_Goal of the exercise:_ The word "shows" may appear in lines of the data; say how many such lines there are, with nothing beyond the number.

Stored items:
· · · · ·

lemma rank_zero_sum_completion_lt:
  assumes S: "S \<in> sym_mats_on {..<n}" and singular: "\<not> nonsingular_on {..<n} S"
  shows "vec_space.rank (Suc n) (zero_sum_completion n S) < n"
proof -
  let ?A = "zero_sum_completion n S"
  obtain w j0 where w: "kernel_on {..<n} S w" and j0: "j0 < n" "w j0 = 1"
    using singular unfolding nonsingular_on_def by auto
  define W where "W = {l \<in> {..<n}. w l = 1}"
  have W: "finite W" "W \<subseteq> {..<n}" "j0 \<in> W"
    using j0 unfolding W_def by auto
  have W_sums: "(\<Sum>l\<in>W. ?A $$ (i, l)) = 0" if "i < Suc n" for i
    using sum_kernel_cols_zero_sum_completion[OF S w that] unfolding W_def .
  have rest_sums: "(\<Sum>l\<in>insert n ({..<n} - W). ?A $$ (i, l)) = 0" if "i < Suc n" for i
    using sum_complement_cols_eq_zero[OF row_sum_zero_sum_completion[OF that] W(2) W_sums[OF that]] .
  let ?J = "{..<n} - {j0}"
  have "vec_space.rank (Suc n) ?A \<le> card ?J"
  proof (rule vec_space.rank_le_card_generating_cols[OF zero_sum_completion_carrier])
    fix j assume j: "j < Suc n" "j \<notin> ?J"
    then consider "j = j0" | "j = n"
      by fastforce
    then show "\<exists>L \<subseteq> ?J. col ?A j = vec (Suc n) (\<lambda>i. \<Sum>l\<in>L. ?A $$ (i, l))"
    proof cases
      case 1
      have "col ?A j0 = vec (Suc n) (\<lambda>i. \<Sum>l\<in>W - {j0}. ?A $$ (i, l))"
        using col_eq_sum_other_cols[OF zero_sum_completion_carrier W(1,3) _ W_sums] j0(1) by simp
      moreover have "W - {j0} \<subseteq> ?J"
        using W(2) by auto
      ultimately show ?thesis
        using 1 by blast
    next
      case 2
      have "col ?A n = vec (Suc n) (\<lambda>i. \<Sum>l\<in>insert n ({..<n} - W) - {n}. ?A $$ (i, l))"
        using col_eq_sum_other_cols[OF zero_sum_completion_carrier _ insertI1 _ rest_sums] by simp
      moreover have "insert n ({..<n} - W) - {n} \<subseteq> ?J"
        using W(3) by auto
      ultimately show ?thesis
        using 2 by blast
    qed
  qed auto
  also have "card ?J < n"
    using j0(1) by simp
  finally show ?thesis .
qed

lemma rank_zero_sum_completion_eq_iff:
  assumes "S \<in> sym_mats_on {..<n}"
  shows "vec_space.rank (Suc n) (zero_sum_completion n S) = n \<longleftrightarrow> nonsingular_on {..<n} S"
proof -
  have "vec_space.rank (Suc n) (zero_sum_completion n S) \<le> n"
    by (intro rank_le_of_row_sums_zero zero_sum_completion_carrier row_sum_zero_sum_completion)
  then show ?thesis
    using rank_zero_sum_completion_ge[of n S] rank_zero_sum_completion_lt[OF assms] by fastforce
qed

· · · · ·

_Written answer:_ 2